Лилиас тотчас вышла, чтобы найти мейстера Уингейта и привести его к леди. Она успела сказать ему:
– Я толкнула камень, и он покатился; смотрите же, не остановите его.
Управляющий в ответ только хитро посмотрел на нее и понимающе кивнул головой – он был слишком осторожен, чтобы связать себя каким‑нибудь более определенным обещанием. Сразу же вслед за тем он предстал перед леди Эвенел с выражением глубокого почтения, отчасти искреннего, отчасти напускного; его глубокомысленный вид обличал немалое самомнение.
– Что все это значит, Уингейт? – сказала леди. – Так‑то вы управляете замком, что слуги сэра Хэлберта Глендининга бросаются друг на друга с кинжалами, словно воры и убийцы в своих логовах! Человек этот серьезно ранен? И что же… что же сталось с несчастным мальчиком?

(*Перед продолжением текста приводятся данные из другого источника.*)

text \<open>A solution of \<open>a' = -(\<omega>/\<rho>) b\<close>, \<open>b' = \<rho>\<omega> a\<close> has \<open>a = r cos \<psi>\<close>, \<open>b = \<rho> r sin \<psi>\<close> with phase
  \<open>\<psi> = \<omega>t + const\<close>, so its polar angle \<open>\<theta>\<close> satisfies \<open>tan \<theta> = \<rho> tan \<psi>\<close>; then
  \<open>angle_offset \<rho> a b = arctan (tan (\<theta> - \<psi>))\<close> is the gap between angle and phase.\<close>

definition angle_offset :: "real \<Rightarrow> real \<Rightarrow> real \<Rightarrow> real" where
  "angle_offset \<rho> a b = arctan ((\<rho> - 1) * a * b / (\<rho> * a^2 + b^2))"

lemma abs_arctan_less_pi_half: "\<bar>arctan y\<bar> < pi/2"
  using arctan_lbound[of y] arctan_ubound[of y] by linarith

lemma angular_velocity_identity:
  fixes a b \<rho> \<omega> :: real
  assumes "\<rho> > 0" and "a^2 + b^2 > 0"
  defines "N \<equiv> (\<rho> - 1) * a * b" and "D \<equiv> \<rho> * a^2 + b^2"
  shows "\<omega> + ((\<rho> - 1) * ((-(\<omega>/\<rho>) * b) * b + a * (\<rho>*\<omega>*a)) * D
      - N * (2*\<rho>*a*(-(\<omega>/\<rho>)*b) + 2*b*(\<rho>*\<omega>*a))) / (D^2 + N^2)
    = (\<rho>*\<omega>*a^2 + \<omega>/\<rho>*b^2) / (a^2 + b^2)"
proof -
  define k where "k = \<omega>/\<rho>"
  have \<omega>: "\<rho>*\<omega> = \<rho>*\<rho>*k" "\<omega> = \<rho>*k" using assms(1) by (simp_all add: k_def)
  have P: "\<rho>^2*a^2 + b^2 > 0"
    using assms(1,2) by (cases "a = 0") (simp_all add: add_pos_nonneg)
  have "D^2 + N^2 = (\<rho>^2*a^2 + b^2) * (a^2 + b^2)" unfolding D_def N_def by algebra
  moreover have "(\<rho> - 1) * ((-k * b) * b + a * (\<rho>*\<rho>*k*a)) * D
      - N * (2*\<rho>*a*(-k*b) + 2*b*(\<rho>*\<rho>*k*a))
      = k*(\<rho> - 1)*(\<rho>*a^2 - b^2)*(\<rho>^2*a^2 + b^2)"
    unfolding D_def N_def by algebra
  ultimately have "((\<rho> - 1) * ((-k * b) * b + a * (\<rho>*\<rho>*k*a)) * D
      - N * (2*\<rho>*a*(-k*b) + 2*b*(\<rho>*\<rho>*k*a))) / (D^2 + N^2)
      = k*(\<rho> - 1)*(\<rho>*a^2 - b^2) / (a^2 + b^2)"
    using P by simp
  moreover have "\<rho>*k + k*(\<rho> - 1)*(\<rho>*a^2 - b^2) / (a^2 + b^2)
      = (\<rho>*k*(a^2 + b^2) + k*(\<rho> - 1)*(\<rho>*a^2 - b^2)) / (a^2 + b^2)"
    using assms(2) by (simp only: add_divide_eq_iff[of "a^2 + b^2"])
  moreover have "\<rho>*k*(a^2 + b^2) + k*(\<rho> - 1)*(\<rho>*a^2 - b^2) = \<rho>*\<rho>*k*a^2 + k*b^2"
    by algebra
  ultimately show ?thesis unfolding k_def[symmetric] \<omega>(1) unfolding \<omega>(2) by simp
qed

lemma has_real_derivative_phase_add_angle_offset:
  fixes a b :: "real \<Rightarrow> real"
  assumes a': "(a has_real_derivative - (\<omega>/\<rho>) * b t) (at t)"
    and b': "(b has_real_derivative \<rho>*\<omega> * a t) (at t)"
    and "\<rho> > 0" and "a t \<noteq> 0 \<or> b t \<noteq> 0"
  shows "((\<lambda>t. \<omega>*t + angle_offset \<rho> (a t) (b t)) has_real_derivative
    (\<rho>*\<omega>*(a t)^2 + \<omega>/\<rho>*(b t)^2) / ((a t)^2 + (b t)^2)) (at t)"
proof -
  have "(a t)^2 + (b t)^2 > 0" using assms(4) by (auto intro: add_pos_nonneg add_nonneg_pos)
  have "\<rho> * (a t)^2 + (b t)^2 > 0"
    using assms(3,4) by (cases "a t = 0") (simp_all add: add_pos_nonneg)
  have "((\<lambda>t. (\<rho> - 1) * a t * b t) has_real_derivative
      (\<rho> - 1) * ((-(\<omega>/\<rho>) * b t) * b t + a t * (\<rho>*\<omega>*a t))) (at t)"
    using DERIV_mult[OF DERIV_cmult[OF a', of "\<rho> - 1"] b'] by (simp add: algebra_simps)
  moreover have "((\<lambda>t. \<rho> * (a t)^2 + (b t)^2) has_real_derivative
      2*\<rho>*a t*(-(\<omega>/\<rho>)*b t) + 2*b t*(\<rho>*\<omega>*a t)) (at t)"
    using DERIV_add[OF DERIV_cmult[OF DERIV_mult[OF a' a'], of \<rho>] DERIV_mult[OF b' b']]
    by (simp add: power2_eq_square algebra_simps)
  moreover have "\<rho> * (a t)^2 + (b t)^2 \<noteq> 0" using \<open>\<rho> * (a t)^2 + (b t)^2 > 0\<close> by simp
  ultimately show ?thesis
    unfolding angle_offset_def
      angular_velocity_identity[OF assms(3) \<open>(a t)^2 + (b t)^2 > 0\<close>, of \<omega>, symmetric]
    by (rule DERIV_add[OF DERIV_cmult_Id DERIV_arctan_divide])
qed

lemma tendsto_SUP_ratio_of_bounded_deviation:
  fixes f :: "'a \<Rightarrow> real \<Rightarrow> real"
  assumes "S \<noteq> {}" and bound: "\<And>V T. V \<in> S \<Longrightarrow> T > 0 \<Longrightarrow> \<bar>f V T - c*T\<bar> \<le> d"
  shows "((\<lambda>T. SUP V\<in>S. ereal (f V T / T)) \<longlongrightarrow> ereal c) at_top"
proof (rule tendsto_sandwich)
  have ratio_bounds: "c - d/T \<le> f V T / T \<and> f V T / T \<le> c + d/T" if "V \<in> S" "T > 0" for V T
    using bound[OF that] that(2)
    by (simp add: abs_le_iff pos_le_divide_eq pos_divide_le_eq left_diff_distrib distrib_right)
  show "\<forall>\<^sub>F T in at_top. ereal (c - d/T) \<le> (SUP V\<in>S. ereal (f V T / T))"
    using eventually_gt_at_top[of 0]
    by eventually_elim (use assms(1) ratio_bounds in \<open>meson SUP_upper2 all_not_in_conv ereal_less_eq(3)\<close>)
  show "\<forall>\<^sub>F T in at_top. (SUP V\<in>S. ereal (f V T / T)) \<le> ereal (c + d/T)"
    using eventually_gt_at_top[of 0]
    by eventually_elim (use ratio_bounds in \<open>simp add: SUP_le_iff\<close>)
  show "((\<lambda>T. ereal (c - d/T)) \<longlongrightarrow> ereal c) at_top"
    by (intro tendsto_ereal) real_asymp
  show "((\<lambda>T. ereal (c + d/T)) \<longlongrightarrow> ereal c) at_top"
    by (intro tendsto_ereal) real_asymp
qed

lemma thetas_eq_of_bounded_deviation:
  fixes A :: "real^'n^'n"
  assumes "grassmannian s \<noteq> ({} :: (real^'n) set set)"
    and bound: "\<And>V T. V \<in> grassmannian s \<Longrightarrow> T > 0 \<Longrightarrow> \<bar>a_int A V T - c*T\<bar> \<le> d"
  shows "theta_sup_limsup s A = c \<and> theta_sup_liminf s A = c
    \<and> theta_limsup_sup s A = c \<and> theta_liminf_sup s A = c"
proof -
  have "((\<lambda>T. ereal (a_int A V T / T)) \<longlongrightarrow> ereal c) at_top" if "V \<in> grassmannian s" for V
    using tendsto_SUP_ratio_of_bounded_deviation[of "{V}" "a_int A" c d] bound that by simp
  then have "Limsup at_top (\<lambda>T. ereal (a_int A V T / T)) = c"
    and "Liminf at_top (\<lambda>T. ereal (a_int A V T / T)) = c" if "V \<in> grassmannian s" for V
    using that by (simp_all add: lim_imp_Limsup lim_imp_Liminf)
  moreover have "((\<lambda>T. SUP V\<in>grassmannian s. ereal (a_int A V T / T)) \<longlongrightarrow> ereal c) at_top"
    using tendsto_SUP_ratio_of_bounded_deviation[OF assms] .
  ultimately show ?thesis
    using assms(1)
    by (simp add: theta_sup_limsup_def theta_sup_liminf_def theta_limsup_sup_def
        theta_liminf_sup_def lim_imp_Limsup lim_imp_Liminf)
qed
(* Let $B\in\mathbb{R}^{n\times n}$ be a nonsingular $M$-matrix and $C\in\mathbb{R}^{n\times n}$ an $M$-matrix such that $B^{-1}C\ge 0$, and suppose that $B-C-I$ is a nonsingular $M$-matrix. Let $\Phi$ be the maximal nonpositive solvent of $X^2+BX+C=0$ and $\Psi$ the maximal nonpositive solvent of the dual equation $CY^2+BY+I=0$ (these exist under the stated hypotheses). Let $u\in\mathbb{R}^n$ be any positive vector such that $v:=(B-C-I)u>0$. Then: (a) $\Phi\le -B^{-1}C\le 0$, $-\Phi u\le u-B^{-1}v$, $\Psi\le -B^{-1}\le 0$, and $-\Psi u\le u-B^{-1}v$; (b) $\rho(\Phi)<1$ and $\rho(\Psi)<1$; (c) $I-\Phi\Psi$ and $I-\Psi\Phi$ are nonsingular $M$-matrices.
   Context: $\rho(\cdot)$ denotes spectral radius. Inequalities between matrices and vectors are entrywise; a vector is positive if all entries are positive. A matrix is nonpositive if all its entries are $\le 0$. A solvent of a matrix equation is a matrix solution; the maximal nonpositive solvent is a nonpositive solvent $\Phi$ with $X\le\Phi$ entrywise for every nonpositive solvent $X$. A $Z$-matrix is a real square matrix with nonpositive off-diagonal entries; a $Z$-matrix $A=sI-N$ with $N\ge 0$ is an $M$-matrix if $s\ge\rho(N)$ and a nonsingular $M$-matrix if $s>\rho(N)$. *)

theory Defs
  imports "Jordan_Normal_Form.Spectral_Radius"
begin

definition rho :: "real mat \<Rightarrow> real" where
  "rho A = spectral_radius (map_mat complex_of_real A)"
lemma openin_section_family_preimage:
  assumes fam: "section_family S Z R K \<theta> m" and "closed {q}" "S \<times> {q} \<subseteq> Z" "l < K"
  shows "openin (top_of_set S) (S \<inter> \<theta> l -` {q})"
proof -
  have cont: "\<forall>l<K. continuous_on S (\<theta> l)"
    and dist: "\<forall>l<K. \<forall>l'<K. l \<noteq> l' \<longrightarrow> (\<forall>x\<in>S. \<theta> l x \<noteq> \<theta> l' x)"
    using fam unfolding section_family_def by blast+
  have hit: "\<exists>l<K. \<theta> l x = q" if "x \<in> S" for x
    using section_family_memD[OF fam] assms(3) that by blast
  define others where "others = (\<Union>l'\<in>{..<K} - {l}. S \<inter> \<theta> l' -` {q})"
  have "S \<inter> \<theta> l -` {q} = S - others"
    unfolding others_def using hit dist \<open>l < K\<close> by fastforce
  moreover have "closedin (top_of_set S) (S \<inter> \<theta> l' -` {q})" if "l' < K" for l'
    using continuous_closedin_preimage[OF _ \<open>closed {q}\<close>] cont that by blast
  then have "closedin (top_of_set S) others"
    unfolding others_def by (intro closedin_Union) auto
  ultimately show ?thesis
    by (simp add: openin_diff)
qed

lemma section_family_reindex:
  assumes fam: "section_family S Z R K \<theta> m"
    and bij: "\<And>x. x \<in> S \<Longrightarrow> bij_betw (\<lambda>i. \<sigma> i x) {..<K'} {l. l < K \<and> \<theta> l x \<notin> B}"
    and cont: "\<And>i. i < K' \<Longrightarrow> continuous_on S (\<lambda>x. \<theta> (\<sigma> i x) x)"
    and mult: "\<And>i x. i < K' \<Longrightarrow> x \<in> S \<Longrightarrow> m (\<sigma> i x) = m' i"
    and pos: "\<And>i. i < K' \<Longrightarrow> 1 \<le> m' i"
  shows "section_family S (Z - S \<times> B) R K' (\<lambda>i x. \<theta> (\<sigma> i x) x) m'"
proof -
  have Z: "Z = (\<Union>l<K. {(x, \<theta> l x) | x. x \<in> S})"
    and dist: "\<forall>l<K. \<forall>l'<K. l \<noteq> l' \<longrightarrow> (\<forall>x\<in>S. \<theta> l x \<noteq> \<theta> l' x)"
    and R: "\<forall>l<K. \<forall>x\<in>S. R x (\<theta> l x) (m l)"
    using fam unfolding section_family_def by blast+
  have \<sigma>: "\<sigma> i x < K" "\<theta> (\<sigma> i x) x \<notin> B" if "i < K'" "x \<in> S" for i x
    using bij_betw_apply[OF bij] that by auto
  show ?thesis
    unfolding section_family_def
  proof (intro conjI allI impI ballI)
    show "Z - S \<times> B = (\<Union>i<K'. {(x, \<theta> (\<sigma> i x) x) | x. x \<in> S})"
    proof (intro equalityI subsetI)
      fix z
      assume "z \<in> Z - S \<times> B"
      then obtain l x where "l < K" "x \<in> S" "z = (x, \<theta> l x)" "\<theta> l x \<notin> B"
        unfolding Z by blast
      moreover from this have "l \<in> (\<lambda>i. \<sigma> i x) ` {..<K'}"
        using bij unfolding bij_betw_def by blast
      ultimately show "z \<in> (\<Union>i<K'. {(x, \<theta> (\<sigma> i x) x) | x. x \<in> S})"
        by blast
    next
      fix z
      assume "z \<in> (\<Union>i<K'. {(x, \<theta> (\<sigma> i x) x) | x. x \<in> S})"
      then show "z \<in> Z - S \<times> B"
        using \<sigma> unfolding Z by blast
    qed
  next
    fix i i' x
    assume "i < K'" "i' < K'" "i \<noteq> i'" "x \<in> S"
    moreover from this have "\<sigma> i x \<noteq> \<sigma> i' x"
      using bij unfolding bij_betw_def inj_on_def by blast
    ultimately show "\<theta> (\<sigma> i x) x \<noteq> \<theta> (\<sigma> i' x) x"
      using dist \<sigma> by blast
  next
    fix i x
    assume "i < K'" "x \<in> S"
    then show "R x (\<theta> (\<sigma> i x) x) (m' i)"
      using R \<sigma> mult by metis
  qed (use cont pos in auto)
qed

– Покамест никто не ранен, миледи, – ответил обладатель золотой цепи, – но кто знает, сколько народу здесь будет ранено до наступления пасхи, если как‑нибудь не воздействовать на этого молодого человека. Конечно, он очень славный юноша, – поспешил смягчить сказанное мейстер Уингейт, – очень способный, но уж слишком легко пускает в ход руки да орудует хлыстом и кинжалом.
– А кто в этом виноват, как не вы сами? – сказала леди. – Кому прежде всего надлежало научить его вести себя как следует, не затевать ссор, не хвататься за кинжал?
– Если вашей милости угодно возложить вину на меня, – ответил управитель, – я, конечно, не буду прекословить, но только прошу вас принять во внимание, что не мог же я прибить его кинжал к ножнам гвоздями, а ведь иначе его не удержать никак; это все равно, что пытаться удержать ртуть, с чем не мог справиться сам Раймунд Луллий.
– Перестаньте разглагольствовать о Раймунде Луллий, – сказала леди, теряя терпение, – и пошлите‑ка сюда капеллана. Вы все стали тут слишком умничать, пользуясь долгими и частыми отлучками вашего господина. Я молю бога, чтобы дела мужа позволили ему оставаться дома и самому управлять прислугой; У меня не хватает на это ни разумения, ни сил.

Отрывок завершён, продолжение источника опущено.